EXERCISE: Where the records below show a line containing "Ka * ennreal (a", start copying; end with the line containing "using ab by (simp_all", and copy it too.

INFORMATION GIVEN:
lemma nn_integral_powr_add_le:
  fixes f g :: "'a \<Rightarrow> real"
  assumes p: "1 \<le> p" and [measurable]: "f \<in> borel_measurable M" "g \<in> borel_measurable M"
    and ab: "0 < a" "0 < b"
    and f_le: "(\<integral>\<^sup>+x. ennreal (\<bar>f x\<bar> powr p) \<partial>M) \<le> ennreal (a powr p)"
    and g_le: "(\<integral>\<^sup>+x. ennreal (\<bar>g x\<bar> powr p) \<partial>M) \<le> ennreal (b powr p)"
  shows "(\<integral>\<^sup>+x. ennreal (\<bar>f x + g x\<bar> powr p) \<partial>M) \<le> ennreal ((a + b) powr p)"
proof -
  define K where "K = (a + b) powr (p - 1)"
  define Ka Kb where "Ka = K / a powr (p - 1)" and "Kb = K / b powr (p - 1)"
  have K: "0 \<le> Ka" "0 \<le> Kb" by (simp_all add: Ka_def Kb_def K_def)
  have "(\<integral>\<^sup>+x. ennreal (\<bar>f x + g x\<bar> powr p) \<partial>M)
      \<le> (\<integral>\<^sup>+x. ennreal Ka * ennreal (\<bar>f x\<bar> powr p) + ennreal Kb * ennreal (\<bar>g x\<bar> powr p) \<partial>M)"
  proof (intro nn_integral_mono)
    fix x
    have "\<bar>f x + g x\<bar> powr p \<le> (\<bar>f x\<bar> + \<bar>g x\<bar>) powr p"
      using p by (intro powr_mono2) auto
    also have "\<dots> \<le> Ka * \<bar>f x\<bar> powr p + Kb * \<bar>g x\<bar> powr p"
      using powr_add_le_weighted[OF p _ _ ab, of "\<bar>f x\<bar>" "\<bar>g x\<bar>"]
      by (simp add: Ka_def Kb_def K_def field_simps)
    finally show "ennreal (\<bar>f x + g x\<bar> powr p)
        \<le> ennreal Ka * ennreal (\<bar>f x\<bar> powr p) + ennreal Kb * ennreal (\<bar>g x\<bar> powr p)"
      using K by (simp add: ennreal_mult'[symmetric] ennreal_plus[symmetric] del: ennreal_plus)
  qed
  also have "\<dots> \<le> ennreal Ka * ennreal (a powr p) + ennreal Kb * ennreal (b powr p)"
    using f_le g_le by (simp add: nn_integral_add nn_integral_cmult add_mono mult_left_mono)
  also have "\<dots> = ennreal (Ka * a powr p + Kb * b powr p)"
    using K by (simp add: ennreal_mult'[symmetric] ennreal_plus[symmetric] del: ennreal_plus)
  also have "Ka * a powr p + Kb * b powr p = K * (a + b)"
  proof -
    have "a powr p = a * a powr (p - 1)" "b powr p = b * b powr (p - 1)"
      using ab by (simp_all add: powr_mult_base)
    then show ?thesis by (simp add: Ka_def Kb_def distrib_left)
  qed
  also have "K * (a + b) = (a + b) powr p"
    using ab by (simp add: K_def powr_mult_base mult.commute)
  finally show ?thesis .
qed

---

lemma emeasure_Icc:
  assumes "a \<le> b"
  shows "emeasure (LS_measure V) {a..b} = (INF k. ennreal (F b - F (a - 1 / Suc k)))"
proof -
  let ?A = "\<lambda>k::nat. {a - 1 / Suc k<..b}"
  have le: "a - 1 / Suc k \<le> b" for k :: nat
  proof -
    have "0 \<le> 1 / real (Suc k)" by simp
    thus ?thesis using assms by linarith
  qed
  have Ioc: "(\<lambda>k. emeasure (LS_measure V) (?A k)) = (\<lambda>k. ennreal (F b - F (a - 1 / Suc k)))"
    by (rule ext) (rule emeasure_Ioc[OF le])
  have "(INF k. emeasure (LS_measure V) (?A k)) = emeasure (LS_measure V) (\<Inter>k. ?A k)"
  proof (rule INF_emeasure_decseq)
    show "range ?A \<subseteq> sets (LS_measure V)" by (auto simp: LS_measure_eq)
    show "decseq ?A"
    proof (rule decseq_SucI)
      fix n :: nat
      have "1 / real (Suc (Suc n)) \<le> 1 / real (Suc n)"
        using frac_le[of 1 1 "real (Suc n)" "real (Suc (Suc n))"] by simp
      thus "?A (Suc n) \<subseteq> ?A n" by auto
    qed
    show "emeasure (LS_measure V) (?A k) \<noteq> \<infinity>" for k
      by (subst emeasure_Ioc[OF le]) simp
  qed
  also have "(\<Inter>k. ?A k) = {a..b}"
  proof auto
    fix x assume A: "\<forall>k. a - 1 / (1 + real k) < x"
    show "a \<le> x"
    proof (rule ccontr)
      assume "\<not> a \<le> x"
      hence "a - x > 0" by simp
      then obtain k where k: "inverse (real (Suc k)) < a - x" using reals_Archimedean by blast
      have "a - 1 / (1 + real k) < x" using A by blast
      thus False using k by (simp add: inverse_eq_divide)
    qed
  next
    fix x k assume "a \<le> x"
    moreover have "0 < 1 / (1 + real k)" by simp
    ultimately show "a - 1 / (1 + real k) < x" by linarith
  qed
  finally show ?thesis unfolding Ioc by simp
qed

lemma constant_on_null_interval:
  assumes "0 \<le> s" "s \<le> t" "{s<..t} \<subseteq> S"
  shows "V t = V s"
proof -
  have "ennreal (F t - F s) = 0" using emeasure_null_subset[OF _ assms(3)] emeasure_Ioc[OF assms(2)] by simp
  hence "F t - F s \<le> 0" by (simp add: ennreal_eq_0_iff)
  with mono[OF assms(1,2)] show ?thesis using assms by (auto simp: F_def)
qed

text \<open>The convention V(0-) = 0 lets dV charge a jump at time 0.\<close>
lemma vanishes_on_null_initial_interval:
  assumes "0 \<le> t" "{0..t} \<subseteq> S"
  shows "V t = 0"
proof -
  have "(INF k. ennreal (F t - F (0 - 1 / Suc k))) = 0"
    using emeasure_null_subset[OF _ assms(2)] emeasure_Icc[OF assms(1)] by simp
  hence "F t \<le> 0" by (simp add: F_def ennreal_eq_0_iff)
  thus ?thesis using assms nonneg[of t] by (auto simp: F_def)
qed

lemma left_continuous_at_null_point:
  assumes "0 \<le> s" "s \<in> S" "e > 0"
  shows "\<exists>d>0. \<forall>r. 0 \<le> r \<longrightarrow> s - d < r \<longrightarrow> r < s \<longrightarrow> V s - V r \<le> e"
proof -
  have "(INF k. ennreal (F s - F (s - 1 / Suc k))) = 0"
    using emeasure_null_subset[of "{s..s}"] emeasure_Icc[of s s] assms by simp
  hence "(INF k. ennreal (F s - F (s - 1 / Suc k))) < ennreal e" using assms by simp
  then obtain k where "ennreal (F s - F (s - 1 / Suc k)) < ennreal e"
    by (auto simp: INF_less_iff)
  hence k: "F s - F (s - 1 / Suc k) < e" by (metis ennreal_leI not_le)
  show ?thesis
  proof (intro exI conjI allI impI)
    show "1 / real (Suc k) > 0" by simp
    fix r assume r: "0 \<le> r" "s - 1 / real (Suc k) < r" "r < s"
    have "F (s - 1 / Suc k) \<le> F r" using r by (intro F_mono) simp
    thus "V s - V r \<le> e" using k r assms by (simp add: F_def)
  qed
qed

TASK RESULT:
  also have "\<dots> \<le> ennreal Ka * ennreal (a powr p) + ennreal Kb * ennreal (b powr p)"
    using f_le g_le by (simp add: nn_integral_add nn_integral_cmult add_mono mult_left_mono)
  also have "\<dots> = ennreal (Ka * a powr p + Kb * b powr p)"
    using K by (simp add: ennreal_mult'[symmetric] ennreal_plus[symmetric] del: ennreal_plus)
  also have "Ka * a powr p + Kb * b powr p = K * (a + b)"
  proof -
    have "a powr p = a * a powr (p - 1)" "b powr p = b * b powr (p - 1)"
      using ab by (simp_all add: powr_mult_base)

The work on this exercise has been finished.